Analytically solvable model¶
Author: Pietro Bonfa’
This example compares simulated and analytical results for a single mu-I interaction.
For the physical aspects, see A.Yaouanc and P. de Réotier, Muon Spin Rotation, Relaxation and Resonance, Oxford University Press, 2010, chapter 7, Fig. 7.1.
[1]:
try:
from undi import MuonNuclearInteraction
except (ImportError, ModuleNotFoundError):
import sys
sys.path.append('../undi')
from undi import MuonNuclearInteraction
import matplotlib.pyplot as plt
import numpy as np
from pprint import pprint
Define physical constants.
[2]:
angtom = 1.0e-10 # m, Angstrom.
elementary_charge = 1.6021766e-19 # Elementary charge, in Coulomb = Ampere*second.
epsilon0 = 8.8541878e-12 # Vacuum permittivity, in Ampere^2*kilogram^−1*meter^−3*second^4.
h = 6.6260693e-34 # J*s, Planck's constant.

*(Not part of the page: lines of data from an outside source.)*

(* Let $\hat x\in\mathcal{X}$, $\hat y:=K\hat x$, and let the measurements be $Y_i=\hat y+E_i$, $i=1,2,\dots$, where $E_1,E_2,\dots$ are i.i.d. $\mathcal{Y}$-valued random variables whose distribution does not depend on $\hat x$, with $\mathbb{E}[E_1]=0$ and $\mathbb{E}\|E_1\|^2<\infty$. Assume there are $q>0$, $p>1$ with $\sigma_j^2\asymp j^{-q}$ and $\mathbb{E}(E_1,u_j)^2\asymp j^{-p}$. Let $\nu,\rho>0$. Then, as $n\to\infty$, $$\inf_{k\ge 1}\sup_{\hat x\in\mathcal{X}_{\nu,\rho}}\mathbb{E}\|\bar X^n_k-\hat x\|^2\asymp\begin{cases}\frac1n & q-p<-1,\\ \frac{\log(n\rho)}{n} & q-p=-1,\\ \rho^{\frac{q+1-p}{(\nu+1)q+1-p}}\left(\frac1n\right)^{\frac{\nu}{\nu+1-\frac{p-1}{q}}} & q-p>-1.\end{cases}$$ Moreover, for any choice of truncation levels $$k_n\asymp\begin{cases}(\rho n)^{\frac{1}{\nu q}} & q-p\le -1,\\ (\rho n)^{\frac{1}{(1+\nu)q+1-p}} & q-p>-1,\end{cases}$$ one has $\sup_{\hat x\in\mathcal{X}_{\nu,\rho}}\mathbb{E}\|\bar X^n_{k_n}-\hat x\|^2\asymp\inf_{k\ge1}\sup_{\hat x\in\mathcal{X}_{\nu,\rho}}\mathbb{E}\|\bar X^n_k-\hat x\|^2$.
   Context: $\mathcal{X},\mathcal{Y}$ are infinite-dimensional real separable Hilbert spaces and $K:\mathcal{X}\to\mathcal{Y}$ is a compact linear operator with dense range, with singular value decomposition $(\sigma_j,u_j,v_j)_{j\in\mathbb{N}}$: $(u_j)$ is an orthonormal basis of $\mathcal{Y}$, $(v_j)$ an orthonormal basis of $\mathcal{N}(K)^\perp$, $(\sigma_j)$ is a nonincreasing sequence of positive numbers converging to $0$, and $Kv_j=\sigma_ju_j$. For $\nu,\rho>0$ the source set is $\mathcal{X}_{\nu,\rho}:=\{(K^*K)^{\nu/2}\xi:\xi\in\mathcal{X},\|\xi\|\le\rho\}=\{\sum_{j}\sigma_j^\nu(\xi,v_j)v_j:\|\xi\|\le\rho\}$. Given measurements $Y_1,\dots,Y_n$, $\bar Y_n:=\frac1n\sum_{i=1}^nY_i$ and the spectral cut-off estimator at level $k$ is $\bar X^n_k:=\sum_{j=1}^k\sigma_j^{-1}(\bar Y_n,u_j)v_j$. For positive sequences, $a_j\asymp b_j$ means $c\,b_j\le a_j\le C\,b_j$ for constants $0<c\le C$ independent of the index; in the conclusion the constants are independent of $n$ (they may depend on $p,q,\nu,\rho$ and the noise distribution). *)

theory Defs
  imports "HOL-Probability.Probability"
begin
(* Let $\alpha=\sqrt{a_{ij}y^iy^j}$ be a Riemannian metric and $\beta=b_iy^i$ a $1$-form on a manifold, $b=\|\beta\|_\alpha$, satisfying ${}^\alpha R^i{}_j=\mu(\alpha^2\delta^i{}_j-y^iy_j)$ and $b_{i|j}=c(x)a_{ij}$ with $c^2=\kappa-\mu b^2$, where $\kappa\neq0$, $\mu\neq 0$ are constants and $\kappa-\mu b^2>0$. Define $$\bar\alpha^2=\frac{|\mu|}{\kappa-\mu b^2}\left(\alpha^2+\frac{\mu}{\kappa-\mu b^2}\beta^2\right),\qquad \bar\beta=\frac{|\mu|^{3/2}}{(\kappa-\mu b^2)^{3/2}}\beta .$$ Then ${}^{\bar\alpha}R^i{}_j=0$ and $\bar b_{i|j}=\pm\sqrt{|\mu|}\,\bar a_{ij}$. Moreover, $(\kappa-\mu b^2)(\kappa^{-1}+\mu^{-1}\bar b^2)=1$, and $$\alpha^2=\frac{|\mu|^{-1}}{\kappa^{-1}+\mu^{-1}\bar b^2}\left(\bar\alpha^2-\frac{\mu^{-1}}{\kappa^{-1}+\mu^{-1}\bar b^2}\bar\beta^2\right),\qquad \beta=\frac{|\mu|^{-3/2}}{(\kappa^{-1}+\mu^{-1}\bar b^2)^{3/2}}\bar\beta .$$
   Context: ${}^\alpha R^i{}_j$ denotes the Riemann curvature tensor of $\alpha$, $y_j=a_{jk}y^k$, $b_{i|j}$ the covariant derivative of $\beta$ with respect to $\alpha$. For $\bar\alpha^2=\bar a_{ij}y^iy^j$ (a quadratic form, possibly indefinite when $\kappa<0$) and $\bar\beta=\bar b_iy^i$, ${}^{\bar\alpha}R^i{}_j$ is the Riemann curvature tensor of $\bar\alpha$, $\bar b_{i|j}$ the covariant derivative of $\bar\beta$ with respect to $\bar\alpha$, and $\bar b^2=\bar a^{ij}\bar b_i\bar b_j$. *)

theory Defs
  imports "HOL-Analysis.Analysis"
begin

text \<open>Local coordinate formulation: the manifold is represented by a chart,
an open set U of real^'n (coordinates x^1..x^n); tangent vectors y are in real^'n.\<close>

definition pd :: "(real^'n \<Rightarrow> real) \<Rightarrow> 'n \<Rightarrow> real^'n \<Rightarrow> real" where
  "pd f k x = deriv (\<lambda>t. f (x + t *\<^sub>R axis k 1)) 0"

fun Ck :: "nat \<Rightarrow> (real^'n) set \<Rightarrow> (real^'n \<Rightarrow> real) \<Rightarrow> bool" where
  "Ck 0 U f = continuous_on U f"
| "Ck (Suc k) U f = (f differentiable_on U \<and> (\<forall>i. Ck k U (pd f i)))"

definition smooth_fun_on :: "(real^'n) set \<Rightarrow> (real^'n \<Rightarrow> real) \<Rightarrow> bool" where
  "smooth_fun_on U f = (\<forall>k. Ck k U f)"

definition christoffel :: "(real^'n \<Rightarrow> real^'n^'n) \<Rightarrow> 'n \<Rightarrow> 'n \<Rightarrow> 'n \<Rightarrow> real^'n \<Rightarrow> real" where
  "christoffel g k i j x = (1/2) * (\<Sum>l\<in>UNIV. matrix_inv (g x) $ k $ l *
      (pd (\<lambda>z. g z $ l $ j) i x + pd (\<lambda>z. g z $ l $ i) j x - pd (\<lambda>z. g z $ i $ j) l x))"

text \<open>Riemann curvature R^i_k(x,y) of the quadratic form g_{ij}(x) y^i y^j, i.e. the
Riemann curvature of its spray G^i = 1/2 Gamma^i_{jl} y^j y^l:
R^i_k = y^j y^l (d_k Gamma^i_{jl} - d_j Gamma^i_{kl} + Gamma^m_{jl} Gamma^i_{mk} - Gamma^i_{jm} Gamma^m_{kl}).
Entry (i,k) of the result is R^i_k.\<close>
definition riem :: "(real^'n \<Rightarrow> real^'n^'n) \<Rightarrow> real^'n \<Rightarrow> real^'n \<Rightarrow> real^'n^'n" where
  "riem g x y = (\<chi> i k. \<Sum>j\<in>UNIV. \<Sum>l\<in>UNIV. y $ j * y $ l *
      (pd (\<lambda>z. christoffel g i j l z) k x - pd (\<lambda>z. christoffel g i k l z) j x
       + (\<Sum>m\<in>UNIV. christoffel g m j l x * christoffel g i m k x
                     - christoffel g i j m x * christoffel g m k l x)))"

definition covd :: "(real^'n \<Rightarrow> real^'n^'n) \<Rightarrow> (real^'n \<Rightarrow> real^'n) \<Rightarrow> real^'n \<Rightarrow> 'n \<Rightarrow> 'n \<Rightarrow> real" where
  "covd g b x i j = pd (\<lambda>z. b z $ i) j x - (\<Sum>k\<in>UNIV. christoffel g k i j x * b x $ k)"

definition quadf :: "(real^'n \<Rightarrow> real^'n^'n) \<Rightarrow> real^'n \<Rightarrow> real^'n \<Rightarrow> real" where
  "quadf g x y = (\<Sum>i\<in>UNIV. \<Sum>j\<in>UNIV. g x $ i $ j * y $ i * y $ j)"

hbar = h/(2*np.pi) # J*s, reduced Planck's constant.
mu0_over_4pi = 1e-7
Define the atomic positions for muon and Al nucleus.
[3]:
mu_pos = np.array([ 0 , 0., 0.])
I_pos = np.array([ 0. , 0., 1.0])
gamma_mu = 2 * np.pi * 135.55e6
# Taking Al values, any number would do herei,
gamma_I = 6.976e7
I = 5/2 # spin of Al
Quadrupole_moment_I = 0.1466e-28 # m^2, quadrupole moment of Al.
wd = 0.11e6 # s^-1
wd_to_d = np.cbrt((mu0_over_4pi) * gamma_mu * gamma_I * hbar / wd)
omega_E = 1.1e6 # s^-1
omega_E_to_Vzz = omega_E * hbar * 4 * I * (2*I -1) / (Quadrupole_moment_I * elementary_charge)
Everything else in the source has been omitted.